There are currently three popular approaches to Python concurrency: threads, event loops, and coroutines. Each is shrouded by various degrees of mystery and peril. In this talk, all three approaches will be deconstructed and explained in a epic ground-up live coding battle.

Slides can be found at: https://speakerdeck.com/pycon2015 and https://github.com/PyCon/2015-slides"

Comments (7):

By anonymous    2017-09-20

Short answer:

yield from is an old way to await for coroutine.

await is an modern way to await for coroutine.

Detailed answer:

Python has generators - special kind of functions that produces a sequence of results instead of a single value. Starting with Python 3.3 yield from expression was added. It allows one generator to delegate part of its operations to another generator.

Starting with Python 3.4 asyncio module was added to standard library. It allow us to write clear and understandable asynchronous code. While technically asyncio's coroutines could be implemented different ways, in asyncio they were implemented using generators (you can watch for excellent video where shown how generators can be used to implement coroutines). @asyncio.coroutine was a way to make coroutine from generator and yield from was a way to await for coroutine - just details of implementation.

That's how happened that yield from started to be used for two "different things".

Starting with Python 3.5 (see PEP 492) coroutines got need syntax.

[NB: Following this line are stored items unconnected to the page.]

lemma overflow_transfer_fills:
  assumes a: "0 \<le> a1" "a1 \<le> 1" "0 \<le> a2" "a2 \<le> 1"
    and u: "0 \<le> u" and s: "0 \<le> s" "s \<le> M" and cov: "covers a1 a2 u s"
    and lossless: "a1 = 1 \<and> a2 = 1 \<longrightarrow> fst u + snd u \<le> fst M + snd M"
  defines "e \<equiv> overflow_transfer a1 a2 M u"
  defines "T \<equiv> transfer a1 a2 u e"
  shows "0 \<le> e \<and> 0 \<le> T \<and> T \<le> M \<and> fst e * (fst M - fst T) = 0 \<and> snd e * (snd M - snd T) = 0
    \<and> covers a1 a2 T s"
proof -
  obtain u1 u2 s1 s2 M1 M2 where P: "u = (u1, u2)" "s = (s1, s2)" "M = (M1, M2)"
    by (metis prod.exhaust)
  have u12: "0 \<le> u1" "0 \<le> u2" and s12: "0 \<le> s1" "s1 \<le> M1" "0 \<le> s2" "s2 \<le> M2"
    using u s by (simp_all add: P nonneg_prod_iff)
  have cov': "covers a2 a1 (u2, u1) (s2, s1)" using cov by (simp add: P covers_swap)
  define A where "A = u1 - M1"
  define B where "B = u2 - M2"
  have e: "e = (if A \<le> 0 \<and> B \<le> 0 then 0
      else if 0 < A \<and> B + a1 * A \<le> 0 then (A, 0)
      else if 0 < B \<and> A + a2 * B \<le> 0 then (0, B)
      else ((A + a2 * B) / (1 - a1 * a2), (B + a1 * A) / (1 - a1 * a2)))"
    unfolding e_def overflow_transfer_def P A_def B_def Let_def by simp
  consider (none) "A \<le> 0 \<and> B \<le> 0"
    | (first) "\<not> (A \<le> 0 \<and> B \<le> 0)" "0 < A \<and> B + a1 * A \<le> 0"
    | (second) "\<not> (A \<le> 0 \<and> B \<le> 0)" "\<not> (0 < A \<and> B + a1 * A \<le> 0)" "0 < B \<and> A + a2 * B \<le> 0"
    | (both) "\<not> (A \<le> 0 \<and> B \<le> 0)" "\<not> (0 < A \<and> B + a1 * A \<le> 0)" "\<not> (0 < B \<and> A + a2 * B \<le> 0)"
    by blast
  then show ?thesis
  proof cases
    case none
    then show ?thesis using u cov by (simp add: e T_def P A_def B_def transfer_def)
  next
    case first
    then have "e = (A, 0)" by (simp add: e)
    then show ?thesis
      using first overflow_one_side_fills[where ?M2.0 = M2, OF a(1,3) u12(2) s12(1,2) cov[unfolded P]]
      by (simp add: T_def P A_def B_def nonneg_prod_iff)
  next
    case second
    then have "e = (0, B)" by (simp add: e)
    then show ?thesis
      using second overflow_one_side_fills[where ?M2.0 = M1, OF a(3,1) u12(1) s12(3,4) cov']
      by (simp add: T_def P A_def B_def nonneg_prod_iff covers_swap[of a1 a2 _ _ s1])
  next
    case both
    have "a1 = 1 \<and> a2 = 1 \<longrightarrow> A + B \<le> 0" using lossless by (auto simp: P A_def B_def)
    then have D: "a1 * a2 < 1" and N: "0 \<le> A + a2 * B" "0 \<le> B + a1 * A"
      using overflow_both_full_solvable[OF a both] by auto
    have E: "e = ((A + a2 * B) / (1 - a1 * a2), (B + a1 * A) / (1 - a1 * a2))"
      unfolding e if_not_P[OF both(1)] if_not_P[OF both(2)] if_not_P[OF both(3)] ..
    have "1 - a1 * a2 \<noteq> 0" using D by simp
    then have "T = (u1 - A, u2 - B)"
      by (simp add: T_def E P divide_simps) (simp add: algebra_simps)
    then have "T = M" by (simp add: P A_def B_def)
    then show ?thesis using D N s12 covers_if_le[OF s(2)] by (simp add: E P nonneg_prod_iff)
  qed
qed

Now you can define coroutine with async def and await for it using await expression. It's not only shorter to write, but also makes clearer to understand that we work with coroutines.

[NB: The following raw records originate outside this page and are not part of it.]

(*
  Put y_n(j) = M_n 2^(alpha^n . j) and P = prod_n M_n^theta_n. Since sum_n theta_n alpha^n = 0, P is
  the theta-weighted geometric mean of the y_n(j). A vector z with sum_n theta_n z_n = 0 has a
  coordinate z_n <= -c sum_l |z_l|, c depending only on theta; for z_n = ln (y_n(j) / P) this gives
  min_n y_n(j) <= P exp (-c sum_n |ln (y_n(j) / P)|).

  For n <= k, ln (y_n(j) / P) / ln 2 is the n-th coordinate of A (j_1, ..., j_k) - w, where
  A = (alpha^n_l)_{n,l <= k} is invertible by the independence hypothesis and w depends only on M
  and on the bounded coordinates j_{k+1}, ..., j_d. Inverting A bounds sum_{i <= k} |j_i - t_i|,
  with t = A^-1 w, by a multiple of sum_n |ln (y_n(j) / P)|, so the summand is at most
  P prod_{i <= k} exp (-rho |j_i - t_i|). Summed over j_i in Z each factor is a two-sided
  geometric series, bounded independently of t_i, and the bounded coordinates range over at most
  prod_i (b_i - a_i + 1) <= 2^(d-k) prod_i (b_i - a_i) points.
*)
theory Submission
  imports Defs "Jordan_Normal_Form.Determinant"
begin

lemma lin_indep_family_truncate:
  assumes "k \<le> d" and indep: "lin_indep_family d (\<lambda>n. if n \<le> k then \<alpha> n else std_basis n) {1..d}"
  shows "lin_indep_family k \<alpha> {1..k}"
  unfolding lin_indep_family_def
proof (intro allI impI)
  fix c :: "nat \<Rightarrow> real"
  assume c: "\<forall>i\<in>{1..k}. (\<Sum>n\<in>{1..k}. c n * \<alpha> n i) = 0"
  define c' where "c' n = (if n \<le> k then c n else - (\<Sum>m=1..k. c m * \<alpha> m n))" for n
  have split: "{1..d} = {1..k} \<union> {k+1..d}" using \<open>k \<le> d\<close> by auto
  have "(\<Sum>n\<in>{1..d}. c' n * (if n \<le> k then \<alpha> n else std_basis n) i) = 0" if "i \<in> {1..d}" for i
  proof -
    have "(\<Sum>n\<in>{1..d}. c' n * (if n \<le> k then \<alpha> n else std_basis n) i)
        = (\<Sum>n=1..k. c n * \<alpha> n i) + (\<Sum>n=k+1..d. c' n * (if i = n then 1 else 0))"
      unfolding split by (subst sum.union_disjoint) (auto simp: c'_def std_basis_def intro!: sum.cong)
    also have "\<dots> = (\<Sum>n=1..k. c n * \<alpha> n i) + (if i \<in> {k+1..d} then c' i else 0)"
      by (simp add: if_distrib[of "\<lambda>x. _ * x"] sum.delta cong: if_cong)
    also have "\<dots> = 0"
      using c that by (auto simp: c'_def)
    finally show ?thesis .
  qed
  then have c'_zero: "\<forall>n\<in>{1..d}. c' n = 0"
    using indep unfolding lin_indep_family_def by blast
  show "\<forall>n\<in>{1..k}. c n = 0"
  proof
    fix n assume n: "n \<in> {1..k}"
    then have "c' n = 0" using c'_zero \<open>k \<le> d\<close> by auto
    then show "c n = 0" using n by (simp add: c'_def)
  qed
qed

text \<open>Jordan_Normal_Form indexes matrices from 0 while the family is indexed from 1, hence the
  matrix \<open>A\<close> below has entry \<open>\<alpha> (n+1) (l+1)\<close> at \<open>(l, n)\<close>.\<close>
lemma lin_indep_family_left_inverse:
  fixes \<alpha> :: "nat \<Rightarrow> nat \<Rightarrow> real"
  assumes indep: "lin_indep_family k \<alpha> {1..k}"
  shows "\<exists>\<beta>. \<forall>i\<in>{1..k}. \<forall>l\<in>{1..k}. (\<Sum>n=1..k. \<beta> i n * \<alpha> n l) = (if i = l then 1 else 0)"
proof -
  define A :: "real mat" where "A = mat k k (\<lambda>(l, n). \<alpha> (Suc n) (Suc l))"
  have A: "A \<in> carrier_mat k k" unfolding A_def by simp
  have "det A \<noteq> 0"
  proof
    assume "det A = 0"
    then obtain v where v: "v \<in> carrier_vec k" "v \<noteq> 0\<^sub>v k" "A *\<^sub>v v = 0\<^sub>v k"
      using det_0_iff_vec_prod_zero_field[OF A] by blast
    have "(\<Sum>n=1..k. v $ (n - 1) * \<alpha> n i) = 0" if "i \<in> {1..k}" for i
    proof -
      have "(A *\<^sub>v v) $ (i - 1) = 0" using v(3) that by auto
      then have "(\<Sum>n<k. \<alpha> (Suc n) i * v $ n) = 0"
        using that v(1) unfolding A_def
        by (auto simp: mult_mat_vec_def scalar_prod_def atLeast0LessThan ac_simps)
      then show ?thesis
        unfolding sum.atLeast1_atMost_eq[folded One_nat_def] by (simp add: ac_simps)
    qed
    then have "\<forall>n\<in>{1..k}. v $ (n - 1) = 0"
      using indep[unfolded lin_indep_family_def, rule_format, of "\<lambda>n. v $ (n - 1)"] by blast
    then have "v $ n = 0" if "n < k" for n
      using that by (metis Suc_le_eq atLeastAtMost_iff diff_Suc_1 le_add1 plus_1_eq_Suc)
    then have "v = 0\<^sub>v k"
      using v(1) by (intro eq_vecI) auto
    with v(2) show False by simp
  qed
  then obtain Y where Y: "Y \<in> carrier_mat k k" "A * Y = 1\<^sub>m k"
    using det_non_zero_imp_unit[OF A, of undefined] unfolding Units_def ring_mat_def by auto
  define \<beta> where "\<beta> i n = Y $$ (n - 1, i - 1)" for i n
  have "(\<Sum>n=1..k. \<beta> i n * \<alpha> n l) = (if i = l then 1 else 0)"
    if "i \<in> {1..k}" "l \<in> {1..k}" for i l
  proof -
    have "(A * Y) $$ (l - 1, i - 1) = (if i = l then 1 else 0)"
      using Y(2) that by auto
    moreover have "(A * Y) $$ (l - 1, i - 1) = (\<Sum>n<k. \<alpha> (Suc n) l * Y $$ (n, i - 1))"
      using that Y(1) unfolding A_def
      by (auto simp: times_mat_def scalar_prod_def atLeast0LessThan row_def col_def)
    ultimately show ?thesis
      unfolding sum.atLeast1_atMost_eq[folded One_nat_def] \<beta>_def by (simp add: ac_simps)
  qed
  then show ?thesis by blast
qed

lemma left_inverse_sum_abs_le:
  fixes \<alpha> \<beta> :: "'a \<Rightarrow> 'a \<Rightarrow> real" and x w :: "'a \<Rightarrow> real"
  assumes "finite A" and left_inv: "\<forall>i\<in>A. \<forall>l\<in>A. (\<Sum>n\<in>A. \<beta> i n * \<alpha> n l) = (if i = l then 1 else 0)"
  shows "(\<Sum>i\<in>A. \<bar>x i - (\<Sum>n\<in>A. \<beta> i n * w n)\<bar>)
           \<le> (\<Sum>i\<in>A. \<Sum>n\<in>A. \<bar>\<beta> i n\<bar>) * (\<Sum>n\<in>A. \<bar>(\<Sum>l\<in>A. \<alpha> n l * x l) - w n\<bar>)"
proof -
  define e where "e n = (\<Sum>l\<in>A. \<alpha> n l * x l) - w n" for n
  have x_eq: "x i - (\<Sum>n\<in>A. \<beta> i n * w n) = (\<Sum>n\<in>A. \<beta> i n * e n)" if i: "i \<in> A" for i
  proof -
    have "(\<Sum>n\<in>A. \<beta> i n * (\<Sum>l\<in>A. \<alpha> n l * x l)) = (\<Sum>n\<in>A. \<Sum>l\<in>A. \<beta> i n * \<alpha> n l * x l)"
      by (simp add: sum_distrib_left mult.assoc)
    also have "\<dots> = (\<Sum>l\<in>A. \<Sum>n\<in>A. \<beta> i n * \<alpha> n l * x l)"
      by (rule sum.swap)
    also have "\<dots> = (\<Sum>l\<in>A. (\<Sum>n\<in>A. \<beta> i n * \<alpha> n l) * x l)"
      by (simp add: sum_distrib_right)
    also have "\<dots> = (\<Sum>l\<in>A. if i = l then x l else 0)"
      using left_inv i by (intro sum.cong) auto
    also have "\<dots> = x i"
      using assms(1) i by simp
    finally show ?thesis
      unfolding e_def by (simp add: right_diff_distrib sum_subtractf)
  qed
  have "(\<Sum>i\<in>A. \<bar>x i - (\<Sum>n\<in>A. \<beta> i n * w n)\<bar>) \<le> (\<Sum>i\<in>A. \<Sum>n\<in>A. \<bar>\<beta> i n\<bar> * \<bar>e n\<bar>)"
  proof (rule sum_mono)
    fix i assume "i \<in> A"
    then have "\<bar>x i - (\<Sum>n\<in>A. \<beta> i n * w n)\<bar> = \<bar>\<Sum>n\<in>A. \<beta> i n * e n\<bar>"
      using x_eq by simp
    also have "\<dots> \<le> (\<Sum>n\<in>A. \<bar>\<beta> i n * e n\<bar>)"
      by (rule sum_abs)
    finally show "\<bar>x i - (\<Sum>n\<in>A. \<beta> i n * w n)\<bar> \<le> (\<Sum>n\<in>A. \<bar>\<beta> i n\<bar> * \<bar>e n\<bar>)"
      by (simp add: abs_mult)
  qed
  also have "\<dots> \<le> (\<Sum>i\<in>A. \<Sum>n\<in>A. \<bar>\<beta> i n\<bar> * (\<Sum>m\<in>A. \<bar>e m\<bar>))"
    using assms(1) by (intro sum_mono mult_left_mono member_le_sum) auto
  finally show ?thesis
    unfolding e_def by (simp add: sum_distrib_right)
qed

If you're using Python 3.5+ you can forgot of using yield from for anything except generators and use await for coroutines.

Original Thread

By anonymous    2017-09-20

Does each task get launched on separate thread?

No, usually asyncio runs in single thread.

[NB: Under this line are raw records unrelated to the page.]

(* Let $G=\langle A\cup B\rangle$ be a stable and strongly orbitwise-abelian CS group with periodic rooted group $A$ such that either (i) $A$ has finite exponent, or (ii) the directed group $B$ has finite support. Assume that $B$ is abelian and periodic. If the atomic dynamical system $\Lambda_b$ on $\mathcal P(A)$ is eventually trivial for every $b\in B$, then $G$ is periodic.
   Context: Let $X$ be a nonempty set (possibly infinite) with distinguished letter $0$, $\dot X=X\setminus\{0\}$. $X^*$ is the free monoid on $X$ viewed as a rooted tree; $\mathrm{Aut}(X^* )$ is the group of root-fixing tree automorphisms acting on the right ($gh$ = first $g$ then $h$); sections $g|_u$ are defined by $(u\star v).g=u.g\star v.(g|_u)$; elements of $\mathrm{Sym}(X)$ are identified with rooted automorphisms $(x\star v).\rho=x.\rho\star v$; $\mathrm{St}(1)$ is the first layer stabiliser. A constant spinal (CS) group is $G=\langle A\cup B\rangle$ with $A\le\mathrm{Sym}(X)$ transitive (rooted group) and $B\le\mathrm{St}(1)$ (directed group) such that $b|_0=b$ for all $b\in B$ and the elements $b|_x$ ($b\in B$, $x\in\dot X$) lie in $A$ and generate $A$. $B$ has finite support if each $b\in B$ has $b|_x=\mathrm{id}$ for all but finitely many $x$. A group is periodic if every element has finite order. Notation: $\mathrm{st}_A(0)$ is the stabiliser of $0$; $\mathrm{orb}_c(0)$ the $\langle c\rangle$-orbit of $0$ and $\ell_c(0)$ its length. For $x\in X$ let $\mathrm{mp}_A(0,x)=\{c\in A: 0.c=x\}$ and fix $e_{0\mapsto x}\in\mathrm{mp}_A(0,x)$ with $e_{0\mapsto0}=1_A$. For $a\in A$, $x\in X$: $\mathfrak C(a,x)=\{cac^{-1}:c\in\mathrm{mp}_A(0,x)\}$ and $\mathfrak X(a,x)=\bigcup_{c\in\mathfrak C(a,x)}\mathrm{orb}_c(0)\setminus\{0\}$. For $b\in B$, $a\in A$ ($A$ periodic): $\lambda_b(a)=b|_{0.a}\,b|_{0.a^2}\cdots b|_{0.a^{\ell_a(0)-1}}$, $\lambda_b(a,x)=\lambda_b(e_{0\mapsto x}\,a\,e_{0\mapsto x}^{-1})$, and $\Lambda_b:\mathcal P(A)\to\mathcal P(A)$ is the atomic map $\Lambda_b(P)=\bigcup_{a\in P}\{\lambda_b(a,x):x\in X\}$. An atomic map $\Phi$ on $\mathcal P(A)$ is eventually trivial if for every $a\in A$ there is $n$ with $\Phi^m(\{a\})\subseteq\{1_A\}$ for all $m>n$. $G$ is stable if $\lambda_b(c')=\lambda_b(c'')$ for all $b\in B$, $a\in A$, $x\in X$ and $c',c''\in\mathfrak C(a,x)$. $G$ is strongly orbitwise-abelian if $\langle b|_y: y\in\mathfrak X(a,x),\ b\in B\rangle$ is abelian for all $a\in A$, $x\in X$. *)

theory Defs
  imports Main
begin

text \<open>Automorphisms act on the right; we represent an automorphism g by the function
u \<mapsto> u.g. Hence the product gh ("first g then h") is the function h \<circ> g.\<close>

definition tree_aut :: "('x list \<Rightarrow> 'x list) \<Rightarrow> bool" where
  "tree_aut g \<longleftrightarrow> bij g \<and> (\<forall>u. length (g u) = length u)
     \<and> (\<forall>u v. take (length u) (g (u @ v)) = g u)"

definition sect :: "('x list \<Rightarrow> 'x list) \<Rightarrow> 'x list \<Rightarrow> ('x list \<Rightarrow> 'x list)" where
  "sect g u = (\<lambda>v. drop (length u) (g (u @ v)))"

definition rooted :: "('x \<Rightarrow> 'x) \<Rightarrow> ('x list \<Rightarrow> 'x list)" where
  "rooted \<rho> = (\<lambda>w. case w of [] \<Rightarrow> [] | x # v \<Rightarrow> \<rho> x # v)"

definition perm_of :: "('x list \<Rightarrow> 'x list) \<Rightarrow> ('x \<Rightarrow> 'x)" where
  "perm_of g = (\<lambda>x. hd (g [x]))"

definition in_St1 :: "('x list \<Rightarrow> 'x list) \<Rightarrow> bool" where
  "in_St1 g \<longleftrightarrow> (\<forall>x. g [x] = [x])"

inductive_set gen_grp :: "('a \<Rightarrow> 'a) set \<Rightarrow> ('a \<Rightarrow> 'a) set" for S where
  gen_id: "id \<in> gen_grp S"
| gen_gen: "s \<in> S \<Longrightarrow> s \<in> gen_grp S"
| gen_inv: "s \<in> S \<Longrightarrow> inv s \<in> gen_grp S"
| gen_mult: "g \<in> gen_grp S \<Longrightarrow> h \<in> gen_grp S \<Longrightarrow> h \<circ> g \<in> gen_grp S"

definition perm_group :: "('a \<Rightarrow> 'a) set \<Rightarrow> bool" where
  "perm_group S \<longleftrightarrow> (\<forall>f\<in>S. bij f) \<and> id \<in> S
     \<and> (\<forall>f\<in>S. \<forall>g\<in>S. g \<circ> f \<in> S) \<and> (\<forall>f\<in>S. inv f \<in> S)"

definition periodic :: "('a \<Rightarrow> 'a) set \<Rightarrow> bool" where
  "periodic S \<longleftrightarrow> (\<forall>g\<in>S. \<exists>n>0. g ^^ n = id)"

definition abelian :: "('a \<Rightarrow> 'a) set \<Rightarrow> bool" where
  "abelian S \<longleftrightarrow> (\<forall>f\<in>S. \<forall>g\<in>S. f \<circ> g = g \<circ> f)"

definition finite_exponent :: "('a \<Rightarrow> 'a) set \<Rightarrow> bool" where
  "finite_exponent S \<longleftrightarrow> (\<exists>n>0. \<forall>g\<in>S. g ^^ n = id)"

definition transitive_on :: "('x \<Rightarrow> 'x) set \<Rightarrow> bool" where
  "transitive_on A \<longleftrightarrow> (\<forall>x y. \<exists>a\<in>A. a x = y)"

(* constant spinal group data: A rooted group, B directed group, x0 the letter 0 *)
definition CS_data :: "'x \<Rightarrow> ('x \<Rightarrow> 'x) set \<Rightarrow> ('x list \<Rightarrow> 'x list) set \<Rightarrow> bool" where
  "CS_data x0 A B \<longleftrightarrow>
     perm_group A \<and> transitive_on A \<and>
     perm_group B \<and> (\<forall>b\<in>B. tree_aut b \<and> in_St1 b) \<and>
     (\<forall>b\<in>B. sect b [x0] = b) \<and>
     (\<forall>b\<in>B. \<forall>x. x \<noteq> x0 \<longrightarrow> (\<exists>a\<in>A. sect b [x] = rooted a)) \<and>
     A = gen_grp {perm_of (sect b [x]) | b x. b \<in> B \<and> x \<noteq> x0}"

definition CS_group :: "('x \<Rightarrow> 'x) set \<Rightarrow> ('x list \<Rightarrow> 'x list) set \<Rightarrow> ('x list \<Rightarrow> 'x list) set" where
  "CS_group A B = gen_grp (rooted ` A \<union> B)"

definition finite_support :: "'x \<Rightarrow> ('x list \<Rightarrow> 'x list) set \<Rightarrow> bool" where
  "finite_support x0 B \<longleftrightarrow> (\<forall>b\<in>B. finite {x. x \<noteq> x0 \<and> sect b [x] \<noteq> id})"

definition orb :: "('x \<Rightarrow> 'x) \<Rightarrow> 'x \<Rightarrow> 'x set" where
  "orb c x0 = {(c ^^ k) x0 | k. True}"

definition orb_len :: "('x \<Rightarrow> 'x) \<Rightarrow> 'x \<Rightarrow> nat" where
  "orb_len c x0 = (LEAST n. n > 0 \<and> (c ^^ n) x0 = x0)"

How asyncio package enables bar, to be an async task, with these keywords, under the hood?

When you define function as async this function becomes generator what allows to execute it "by steps" using __next__() method. await - is yield (yield from actually) point where execution flow returns to global event loop that manages executing of all coroutines.

This simple example shows how you can switch between execution flow of different generators:

def task(i):
    yield 1
    print('task {}: step 1'.format(i))
    yield 2
    print('task {}: step 2'.format(i))


tasks = [
    task(1),
    task(2),
    task(3),
]


def execute_tasks(tasks):
    i = 0
    finished = []
    while True:
        # start executing tasks:
        try:
            tasks[i].__next__()
        except StopIteration:
            finished.append(i)
        # check if any task unfinished:
        if len(finished) == len(tasks):
            return
        # move to next unfinished task:
        while True:
            i += 1
            if i > len(tasks) - 1:
                i = 0
            if not i in finished:
                break


if __name__ == '__main__':
    execute_tasks(tasks)

Output:

task 1: step 1
task 2: step 1
task 3: step 1
task 1: step 2
task 2: step 2
task 3: step 2

asyncio of course is much more complex and allows you much more.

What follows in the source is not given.